## Work to be completed
Pull every line holding the word "unfolding" from the data below and copy it.
Source data: Begin
lemma gK_update_strict_mono_convex:
  assumes K: "K \<ge> 1" and R: "\<And>k. k \<in> {1..K} \<Longrightarrow> 0 < R k" and t: "t \<in> {1..K}"
  shows "strict_mono_on {0<..} (\<lambda>x. gK K (R(t := x))) \<and> convex_on {0<..} (\<lambda>x. gK K (R(t := x)))"
proof -
  obtain q :: "nat \<Rightarrow> real" and m0 where q: "\<And>m. 0 \<le> q m" "0 < q m0"
    and sums: "\<And>x. 0 < x \<Longrightarrow> (\<lambda>n. \<Sum>i=1..n. q (n - i) * ln 2 ^ i / fact n * x ^ i) sums gK K (R(t := x))"
    by (rule gK_update_power_series[OF K R t]) auto
  define f where "f n x = (\<Sum>i=1..n. q (n - i) * ln 2 ^ i / fact n * x ^ i)" for n and x :: real
  have coeffs_nonneg: "0 \<le> q (n - i) * ln 2 ^ i / fact n" for n i
    using q by simp
  have strict: "strict_mono_on {0<..} (f (Suc m0))"
    unfolding f_def using q coeffs_nonneg
    by (intro monotone_on_subset[OF strict_mono_on_nonneg_power_sum]) auto
  have mono: "mono_on {0<..} (f n)" for n
    unfolding f_def using coeffs_nonneg
    by (intro monotone_on_subset[OF mono_on_nonneg_power_sum]) auto
  have convex: "convex_on {0<..} (f n)" for n
    unfolding f_def using coeffs_nonneg
    by (intro convex_on_subset[OF convex_on_nonneg_power_sum]) auto
  have f_sums: "(\<lambda>n. f n x) sums gK K (R(t := x))" if "x \<in> {0<..}" for x
    using sums that by (simp add: f_def)
  show ?thesis
    using strict_mono_on_suminf[OF f_sums mono strict] convex_on_suminf[OF f_sums convex] by blast
qed
locale switch_cover =
  fixes n :: nat and d e f :: "nat \<Rightarrow> bool"
  assumes n3: "3 \<le> n"
    and bounds_1: "d 1" "e 1" "f 1" and bounds_n: "d (n - 1)" "e (n - 1)" "f (n - 1)"
    and covered: "\<And>a b. 1 \<le> a \<Longrightarrow> a < b \<Longrightarrow> b \<le> n \<Longrightarrow> switch_edge n f a b \<Longrightarrow>
                   switch_edge n d a b \<or> switch_edge n e a b"
begin

lemma swap: "switch_cover n e d f"
  using n3 bounds_1 bounds_n covered by unfold_locales blast+

lemma covered_switch_cases:
  assumes "2 \<le> k" "k \<le> n - 2"
  shows "f k = d k \<or> f k = e k"
proof (rule ccontr)
  assume c: "\<not> (f k = d k \<or> f k = e k)"
  have kn: "Suc k \<le> n" using assms n3 by linarith
  show False
  proof (cases "f k")
    case False
    then have "switch_edge n f k (Suc k)" by (simp add: switch_edge_Suc)
    moreover have "\<not> switch_edge n d k (Suc k)" "\<not> switch_edge n e k (Suc k)"
      using c False assms n3 by (auto simp: switch_edge_Suc)
    ultimately show False using covered[of k "Suc k"] assms kn by auto
  next
    case True
    obtain p where p: "1 \<le> p" "p < k" "f p" "\<forall>j. p < j \<and> j < k \<longrightarrow> \<not> f j"
      using last_before[of f 1 k] bounds_1 assms by auto
    have "switch_edge n f p (Suc k)" using p True unfolding switch_edge_def by auto
    moreover have "\<not> switch_edge n d p (Suc k)" "\<not> switch_edge n e p (Suc k)"
      using c True p unfolding switch_edge_def by auto
    ultimately show False using covered[of p "Suc k"] p kn by auto
  qed
qed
Source data: End
## Response to the task
    unfolding f_def using q coeffs_nonneg
    unfolding f_def using coeffs_nonneg
    unfolding f_def using coeffs_nonneg
    have "switch_edge n f p (Suc k)" using p True unfolding switch_edge_def by auto
      using c True p unfolding switch_edge_def by auto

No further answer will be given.